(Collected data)
******
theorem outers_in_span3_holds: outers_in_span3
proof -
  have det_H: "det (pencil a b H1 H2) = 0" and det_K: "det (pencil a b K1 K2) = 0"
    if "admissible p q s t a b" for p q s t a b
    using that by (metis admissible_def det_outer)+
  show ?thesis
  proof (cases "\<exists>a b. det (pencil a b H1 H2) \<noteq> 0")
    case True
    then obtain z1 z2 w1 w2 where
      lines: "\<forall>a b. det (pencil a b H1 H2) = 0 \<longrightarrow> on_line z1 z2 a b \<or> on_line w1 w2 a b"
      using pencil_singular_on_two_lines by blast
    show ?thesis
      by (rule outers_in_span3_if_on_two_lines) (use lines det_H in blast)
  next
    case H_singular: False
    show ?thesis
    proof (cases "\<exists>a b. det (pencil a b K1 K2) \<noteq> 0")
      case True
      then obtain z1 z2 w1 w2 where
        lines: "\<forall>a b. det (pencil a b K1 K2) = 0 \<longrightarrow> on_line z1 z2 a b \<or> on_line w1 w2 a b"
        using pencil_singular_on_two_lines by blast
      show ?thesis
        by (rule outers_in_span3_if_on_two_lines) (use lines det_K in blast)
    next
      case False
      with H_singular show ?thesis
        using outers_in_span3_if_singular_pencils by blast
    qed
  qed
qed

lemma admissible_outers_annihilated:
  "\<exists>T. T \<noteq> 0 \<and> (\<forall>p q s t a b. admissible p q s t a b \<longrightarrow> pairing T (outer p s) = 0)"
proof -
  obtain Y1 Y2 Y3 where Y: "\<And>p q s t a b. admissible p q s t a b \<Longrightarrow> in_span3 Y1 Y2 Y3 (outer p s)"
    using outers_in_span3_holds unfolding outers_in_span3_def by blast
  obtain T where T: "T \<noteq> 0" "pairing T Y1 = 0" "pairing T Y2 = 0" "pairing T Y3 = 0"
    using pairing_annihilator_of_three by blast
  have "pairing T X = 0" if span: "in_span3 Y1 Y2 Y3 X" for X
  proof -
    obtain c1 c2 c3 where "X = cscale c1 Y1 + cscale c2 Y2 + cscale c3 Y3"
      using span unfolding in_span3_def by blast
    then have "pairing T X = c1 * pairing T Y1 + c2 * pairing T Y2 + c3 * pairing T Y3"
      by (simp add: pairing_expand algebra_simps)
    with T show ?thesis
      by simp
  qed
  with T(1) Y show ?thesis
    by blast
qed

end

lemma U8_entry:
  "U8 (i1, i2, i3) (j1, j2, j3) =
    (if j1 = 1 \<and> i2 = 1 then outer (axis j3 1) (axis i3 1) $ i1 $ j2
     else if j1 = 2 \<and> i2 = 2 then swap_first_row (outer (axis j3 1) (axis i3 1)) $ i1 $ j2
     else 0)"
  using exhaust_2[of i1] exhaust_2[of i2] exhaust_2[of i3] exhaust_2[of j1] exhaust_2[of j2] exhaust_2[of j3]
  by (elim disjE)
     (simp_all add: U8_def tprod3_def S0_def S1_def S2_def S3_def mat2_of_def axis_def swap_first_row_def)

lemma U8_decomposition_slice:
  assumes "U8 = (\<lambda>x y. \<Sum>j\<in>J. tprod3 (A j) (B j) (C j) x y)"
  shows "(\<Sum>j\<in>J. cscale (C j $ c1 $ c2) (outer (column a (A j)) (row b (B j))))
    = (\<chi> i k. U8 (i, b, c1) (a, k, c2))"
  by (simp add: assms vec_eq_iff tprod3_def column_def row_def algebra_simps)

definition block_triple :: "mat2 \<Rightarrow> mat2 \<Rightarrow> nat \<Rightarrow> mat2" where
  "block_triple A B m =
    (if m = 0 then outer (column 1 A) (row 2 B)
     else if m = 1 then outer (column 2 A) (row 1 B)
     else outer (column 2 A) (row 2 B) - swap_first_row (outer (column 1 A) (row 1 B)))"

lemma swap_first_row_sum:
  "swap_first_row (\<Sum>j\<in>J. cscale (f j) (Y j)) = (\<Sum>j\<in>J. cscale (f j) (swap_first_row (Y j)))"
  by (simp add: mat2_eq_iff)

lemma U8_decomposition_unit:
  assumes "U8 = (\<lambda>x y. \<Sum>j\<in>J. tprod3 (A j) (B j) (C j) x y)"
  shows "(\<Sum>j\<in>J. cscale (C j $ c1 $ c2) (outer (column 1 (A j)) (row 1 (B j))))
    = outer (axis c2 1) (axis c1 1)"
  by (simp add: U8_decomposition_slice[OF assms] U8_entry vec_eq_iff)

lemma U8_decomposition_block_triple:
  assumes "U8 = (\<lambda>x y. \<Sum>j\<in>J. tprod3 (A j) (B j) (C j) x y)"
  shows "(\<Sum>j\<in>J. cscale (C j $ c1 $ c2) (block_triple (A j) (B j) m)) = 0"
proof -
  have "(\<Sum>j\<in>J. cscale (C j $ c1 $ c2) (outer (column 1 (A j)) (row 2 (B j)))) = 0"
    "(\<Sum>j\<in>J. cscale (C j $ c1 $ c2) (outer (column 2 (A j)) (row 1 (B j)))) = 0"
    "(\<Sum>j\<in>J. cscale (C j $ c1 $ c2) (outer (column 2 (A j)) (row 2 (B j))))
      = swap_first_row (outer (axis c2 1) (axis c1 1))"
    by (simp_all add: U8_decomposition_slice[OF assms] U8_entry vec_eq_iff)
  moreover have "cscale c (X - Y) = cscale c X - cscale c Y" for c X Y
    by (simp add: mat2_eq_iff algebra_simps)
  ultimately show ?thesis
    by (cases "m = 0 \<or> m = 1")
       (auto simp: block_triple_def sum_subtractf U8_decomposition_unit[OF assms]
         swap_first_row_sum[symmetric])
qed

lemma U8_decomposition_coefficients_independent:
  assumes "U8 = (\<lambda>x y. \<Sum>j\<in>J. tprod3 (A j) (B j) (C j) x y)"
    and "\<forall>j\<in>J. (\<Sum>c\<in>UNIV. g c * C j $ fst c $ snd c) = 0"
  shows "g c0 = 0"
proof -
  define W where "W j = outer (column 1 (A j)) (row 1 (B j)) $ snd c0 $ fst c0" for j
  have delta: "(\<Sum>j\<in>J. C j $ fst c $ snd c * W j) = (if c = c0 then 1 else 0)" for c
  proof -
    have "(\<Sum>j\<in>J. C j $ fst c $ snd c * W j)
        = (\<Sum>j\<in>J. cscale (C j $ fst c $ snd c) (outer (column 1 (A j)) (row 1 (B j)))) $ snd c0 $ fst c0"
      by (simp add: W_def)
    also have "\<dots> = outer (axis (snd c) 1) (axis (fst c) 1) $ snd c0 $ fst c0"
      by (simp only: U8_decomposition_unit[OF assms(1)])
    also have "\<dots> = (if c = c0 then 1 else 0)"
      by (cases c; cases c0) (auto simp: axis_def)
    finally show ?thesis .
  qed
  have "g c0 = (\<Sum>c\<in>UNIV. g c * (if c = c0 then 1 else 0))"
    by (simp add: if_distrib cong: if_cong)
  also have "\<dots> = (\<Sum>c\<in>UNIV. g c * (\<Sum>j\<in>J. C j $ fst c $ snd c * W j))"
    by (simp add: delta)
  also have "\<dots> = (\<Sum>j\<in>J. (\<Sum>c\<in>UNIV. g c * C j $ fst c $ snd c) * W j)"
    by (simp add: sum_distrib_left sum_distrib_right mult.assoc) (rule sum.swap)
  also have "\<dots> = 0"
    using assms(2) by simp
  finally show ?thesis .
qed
******
Only the lines above starting with the one with "c2) (block_triple (A" and going through the one with "2 (A j)) (row 1" are to be copied, word for word and with both ends kept.

▶ _Task solution_
  shows "(\<Sum>j\<in>J. cscale (C j $ c1 $ c2) (block_triple (A j) (B j) m)) = 0"
proof -
  have "(\<Sum>j\<in>J. cscale (C j $ c1 $ c2) (outer (column 1 (A j)) (row 2 (B j)))) = 0"
    "(\<Sum>j\<in>J. cscale (C j $ c1 $ c2) (outer (column 2 (A j)) (row 1 (B j)))) = 0"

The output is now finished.